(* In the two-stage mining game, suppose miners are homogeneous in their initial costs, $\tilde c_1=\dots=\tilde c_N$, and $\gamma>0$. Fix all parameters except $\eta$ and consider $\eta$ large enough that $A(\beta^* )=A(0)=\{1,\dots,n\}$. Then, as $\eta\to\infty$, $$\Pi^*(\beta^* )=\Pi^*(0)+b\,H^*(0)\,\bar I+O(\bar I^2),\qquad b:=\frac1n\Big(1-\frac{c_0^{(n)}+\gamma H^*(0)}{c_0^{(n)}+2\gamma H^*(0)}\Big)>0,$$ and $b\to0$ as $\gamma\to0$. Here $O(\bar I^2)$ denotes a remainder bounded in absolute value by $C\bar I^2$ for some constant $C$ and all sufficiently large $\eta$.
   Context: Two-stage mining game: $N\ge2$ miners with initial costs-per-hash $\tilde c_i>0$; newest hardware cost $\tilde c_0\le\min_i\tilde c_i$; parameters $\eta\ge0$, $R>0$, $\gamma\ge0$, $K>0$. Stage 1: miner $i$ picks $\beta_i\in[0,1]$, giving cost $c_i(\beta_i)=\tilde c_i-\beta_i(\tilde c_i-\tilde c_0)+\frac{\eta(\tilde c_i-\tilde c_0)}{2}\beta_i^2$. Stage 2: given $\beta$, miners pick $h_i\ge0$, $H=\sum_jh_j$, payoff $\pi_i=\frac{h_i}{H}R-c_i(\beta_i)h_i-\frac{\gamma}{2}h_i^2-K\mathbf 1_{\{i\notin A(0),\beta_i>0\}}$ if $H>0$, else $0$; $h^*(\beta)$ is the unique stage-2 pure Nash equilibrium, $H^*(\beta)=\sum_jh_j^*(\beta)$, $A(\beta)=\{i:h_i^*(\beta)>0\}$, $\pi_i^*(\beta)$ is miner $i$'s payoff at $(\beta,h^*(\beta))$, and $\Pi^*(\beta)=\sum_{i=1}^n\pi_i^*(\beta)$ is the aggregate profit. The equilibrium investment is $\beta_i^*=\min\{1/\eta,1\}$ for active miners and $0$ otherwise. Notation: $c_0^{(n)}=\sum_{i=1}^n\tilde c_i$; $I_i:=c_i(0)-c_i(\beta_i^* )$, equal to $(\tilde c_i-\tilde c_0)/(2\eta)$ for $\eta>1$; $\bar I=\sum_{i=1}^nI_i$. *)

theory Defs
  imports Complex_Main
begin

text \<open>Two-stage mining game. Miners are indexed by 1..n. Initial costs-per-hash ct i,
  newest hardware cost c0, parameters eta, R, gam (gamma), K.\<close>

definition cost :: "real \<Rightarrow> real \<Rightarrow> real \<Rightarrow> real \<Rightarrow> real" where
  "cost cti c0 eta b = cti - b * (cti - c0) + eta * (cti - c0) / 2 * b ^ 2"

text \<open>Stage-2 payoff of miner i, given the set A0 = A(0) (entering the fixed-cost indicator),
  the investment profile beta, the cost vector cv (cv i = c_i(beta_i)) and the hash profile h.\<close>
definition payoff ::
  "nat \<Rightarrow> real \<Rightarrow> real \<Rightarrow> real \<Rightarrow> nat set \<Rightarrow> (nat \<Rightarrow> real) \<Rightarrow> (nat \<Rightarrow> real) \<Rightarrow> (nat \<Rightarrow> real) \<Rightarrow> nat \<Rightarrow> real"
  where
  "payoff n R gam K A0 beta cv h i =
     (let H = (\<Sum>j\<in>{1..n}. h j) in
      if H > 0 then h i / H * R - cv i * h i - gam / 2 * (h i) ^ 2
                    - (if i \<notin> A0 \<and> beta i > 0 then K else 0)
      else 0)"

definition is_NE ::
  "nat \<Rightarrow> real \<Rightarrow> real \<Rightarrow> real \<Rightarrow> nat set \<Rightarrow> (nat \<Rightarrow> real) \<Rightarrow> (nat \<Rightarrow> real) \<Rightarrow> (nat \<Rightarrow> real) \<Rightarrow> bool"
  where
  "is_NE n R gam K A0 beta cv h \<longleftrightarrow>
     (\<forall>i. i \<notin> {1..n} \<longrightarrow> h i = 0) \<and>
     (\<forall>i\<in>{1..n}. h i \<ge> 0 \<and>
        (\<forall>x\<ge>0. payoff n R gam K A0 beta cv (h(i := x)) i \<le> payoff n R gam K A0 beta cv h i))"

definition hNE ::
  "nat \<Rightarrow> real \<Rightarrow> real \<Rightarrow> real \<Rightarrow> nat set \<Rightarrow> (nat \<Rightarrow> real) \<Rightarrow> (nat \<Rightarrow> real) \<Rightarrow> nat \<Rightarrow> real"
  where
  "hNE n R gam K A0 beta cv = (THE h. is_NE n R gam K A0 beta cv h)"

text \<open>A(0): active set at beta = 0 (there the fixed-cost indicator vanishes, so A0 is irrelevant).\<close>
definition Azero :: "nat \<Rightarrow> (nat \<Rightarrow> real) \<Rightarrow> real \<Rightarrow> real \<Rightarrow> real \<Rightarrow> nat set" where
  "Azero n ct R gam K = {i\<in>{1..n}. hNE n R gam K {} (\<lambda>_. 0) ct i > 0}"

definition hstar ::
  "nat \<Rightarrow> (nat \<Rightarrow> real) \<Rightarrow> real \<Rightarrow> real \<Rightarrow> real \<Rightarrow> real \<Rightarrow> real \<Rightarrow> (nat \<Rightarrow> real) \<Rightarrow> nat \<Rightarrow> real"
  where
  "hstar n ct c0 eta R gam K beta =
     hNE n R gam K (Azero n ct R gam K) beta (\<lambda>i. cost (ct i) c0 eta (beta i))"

· · · · ·

## Task item
Give the count, and only the count, of lines in these records that hold the string "definition".

## Exercise answer
6